Philadelphia College of Neuropathy
Dr Thomas T. Lake, ND, DC (1882-1950) a Neuropath and Chiropractor with a good working relation with both Osteopathic and Medical physicians, for most of his clinical professional careerer of three decades of clinical practice in Philadelphia. He promoted the work of two Philadelphia Physicians, Dr John C. Arnold, MD and Dr W. Wallace Fritz, MD whose work served as the foundations of Mechano-Neural Therapy and later correctly placed and totally absorbed by Neuropathy. The Philadelphia College of Neuropathy, organized in 1922 by Dr. Thomas T. Lake, ND, DC, followed the pattern of the American College of Neuropathy, having it broadened its teachings in several subjects. It was under adverse circumstances both schools were forced to close. The American College of Neuropathy was struck by the event of World War I, when nearly the whole student body left for the Service. The Colleges of Neuropathy required a full four-year course with dissection and other laboratory requirements.

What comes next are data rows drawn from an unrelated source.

lemma sparse_column_prob_le_moment:
  assumes p: "0 \<le> p" "p \<le> 1" and s: "0 < s" "s \<le> 1"
  shows "sparse_column_prob n p k \<le> (1/s) powr k * (p * s + (1 - p)) ^ n"
proof -
  define N where "N = {0..<n}"
  define F where "F = {T. T \<subseteq> N \<and> real (card T) \<le> k}"
  have weight: "p ^ card T = (1/s) ^ card T * (p * s) ^ card T" for T
    using s by (simp add: power_mult_distrib[symmetric])
  have "(1/s) ^ card T \<le> (1/s) powr k" if "T \<in> F" for T
    using that s by (auto simp: F_def powr_realpow[symmetric] intro: powr_mono)
  then have "sparse_column_prob n p k
      \<le> (\<Sum>T\<in>F. (1/s) powr k * ((p * s) ^ card T * (1 - p) ^ (n - card T)))"
    unfolding sparse_column_prob_def F_def N_def weight mult.assoc[symmetric]
    using p s by (intro sum_mono mult_right_mono) auto
  also have "\<dots> \<le> (1/s) powr k * (\<Sum>T\<in>Pow N. (p * s) ^ card T * (1 - p) ^ (n - card T))"
    unfolding sum_distrib_left using p s by (intro sum_mono2) (auto simp: F_def N_def)
  also have "(\<Sum>T\<in>Pow N. (p * s) ^ card T * (1 - p) ^ (n - card T))
      = (\<Sum>T\<in>Pow N. (\<Prod>_\<in>T. p * s) * (\<Prod>_\<in>N - T. 1 - p))"
    by (intro sum.cong refl) (auto simp: N_def card_Diff_subset finite_subset)
  also have "\<dots> = (\<Prod>_\<in>N. p * s + (1 - p))"
    by (rule prod_add[symmetric]) (simp add: N_def)
  also have "\<dots> = (p * s + (1 - p)) ^ n"
    by (simp add: N_def)
  finally show ?thesis .
qed

lemma sparse_column_prob_le_exp:
  assumes p: "0 \<le> p" "p \<le> 1/2" and s: "0 < s" "s \<le> 1"
  shows "sparse_column_prob n p (s\<^sup>2 * p * n) \<le> (1 - p) ^ n * exp (3 * s * p * n)"
proof -
  have "(1/s) powr (s\<^sup>2 * p * n) = exp (s * p * n * (s * ln (1/s)))"
    using s by (simp add: powr_def power2_eq_square mult_ac)
  also have "\<dots> \<le> exp (s * p * n)"
  proof -
    have "s * ln (1/s) \<le> s * (1/s)"
      using s ln_le_minus_one[of "1/s"] by (intro mult_left_mono) auto
    then show ?thesis
      using s p by (simp add: mult_left_le)
  qed
  finally have moment: "(1/s) powr (s\<^sup>2 * p * n) \<le> exp (s * p * n)" .
  have "p * s + (1 - p) \<le> (1 - p) * (1 + 2 * p * s)"
    using mult_nonneg_nonneg[of "p * s" "1 - 2 * p"] p s by (simp add: algebra_simps)
  also have "\<dots> \<le> (1 - p) * exp (2 * p * s)"
    using p by (intro mult_left_mono) auto
  finally have "(p * s + (1 - p)) ^ n \<le> ((1 - p) * exp (2 * p * s)) ^ n"
    using p s by (intro power_mono) auto
  also have "\<dots> = (1 - p) ^ n * exp (2 * s * p * n)"
    by (simp add: power_mult_distrib exp_of_nat_mult[symmetric] mult_ac)
  finally have base: "(p * s + (1 - p)) ^ n \<le> (1 - p) ^ n * exp (2 * s * p * n)" .
  have "sparse_column_prob n p (s\<^sup>2 * p * n) \<le> (1/s) powr (s\<^sup>2 * p * n) * (p * s + (1 - p)) ^ n"
    using p s by (intro sparse_column_prob_le_moment) auto
  also have "\<dots> \<le> exp (s * p * n) * ((1 - p) ^ n * exp (2 * s * p * n))"
    using moment base p s by (intro mult_mono) auto
  also have "\<dots> = (1 - p) ^ n * exp (3 * s * p * n)"
    by (simp add: mult_exp_exp algebra_simps)
  finally show ?thesis .
qed

lemma prob_card_sparse_cols_ge_le_exp:
  assumes p: "0 \<le> p" "p \<le> 1/2" and s: "0 < s" "s \<le> 1"
  shows "measure_pmf.prob (bernoulli_matrix n p) {A. card (sparse_cols n A (s\<^sup>2 * p * n)) \<ge> b}
           \<le> ((1 - p) ^ n * n * exp (3 * s * p * n)) ^ b"
proof -
  have "measure_pmf.prob (bernoulli_matrix n p) {A. card (sparse_cols n A (s\<^sup>2 * p * n)) \<ge> b}
      \<le> real (n choose b) * sparse_column_prob n p (s\<^sup>2 * p * n) ^ b"
    using p by (intro prob_card_sparse_cols_ge) simp_all
  also have "\<dots> \<le> real n ^ b * ((1 - p) ^ n * exp (3 * s * p * n)) ^ b"
  proof (rule mult_mono)
    show "real (n choose b) \<le> real n ^ b"
      by (metis binomial_le_power of_nat_le_iff of_nat_power)
    show "sparse_column_prob n p (s\<^sup>2 * p * n) ^ b \<le> ((1 - p) ^ n * exp (3 * s * p * n)) ^ b"
      using sparse_column_prob_le_exp[OF p s] sparse_column_prob_nonneg[of p n] p
      by (intro power_mono) simp_all
  qed (use sparse_column_prob_nonneg[of p n] p in simp_all)
  also have "\<dots> = ((1 - p) ^ n * n * exp (3 * s * p * n)) ^ b"
    by (simp add: power_mult_distrib mult_ac)
  finally show ?thesis .
qed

The competition of short-term schools was too great, and the American College of Neuropathy has been turned into a Post Graduate School.
Motto: "Take Off The Pressure"
Leading Thought: "Freedom"
"The term Neuropathy literally means, Nerve pain, and as applied to the treatment of disease, means the relief of Nerve pain." - Dr Andrew P. Davis in "Neuropathy Illustrated" 1915.
Coordination of Nerve Forces
The Coordination of Nerve Forces as a Key Concept of Neuropathy
"The discovery of these two divisions of the nervous system - Cerebrospinal and Sympathetic - opened up a new field for study, and let in a flood of light upon the question of the causes of the various conditions known as disease - pathological conditions.
Some conditions are traceable to a disturbance in some way of one or both of these systems of nerves which we denominate the positive and the negative forces of life.
Without the coordination of these forces, the whole system is in a state of unbalance, is out of harmony with itself; and however slight the discrepancy, there is always to be found the cause in one or the other of these different divisions of the nervous system, and that, when righted, united, the effects then perceivable cease at once." - Dr A.P. Davis, Founder of Neuropathy in “Neuropathy: The New Science of Drugless Healing Amply Illustrated and Explained” page 36, 1909.
Neuropathic Treatment its aims is to work with, and in conjunction with, those of the Sympathetic Nerve System of the body.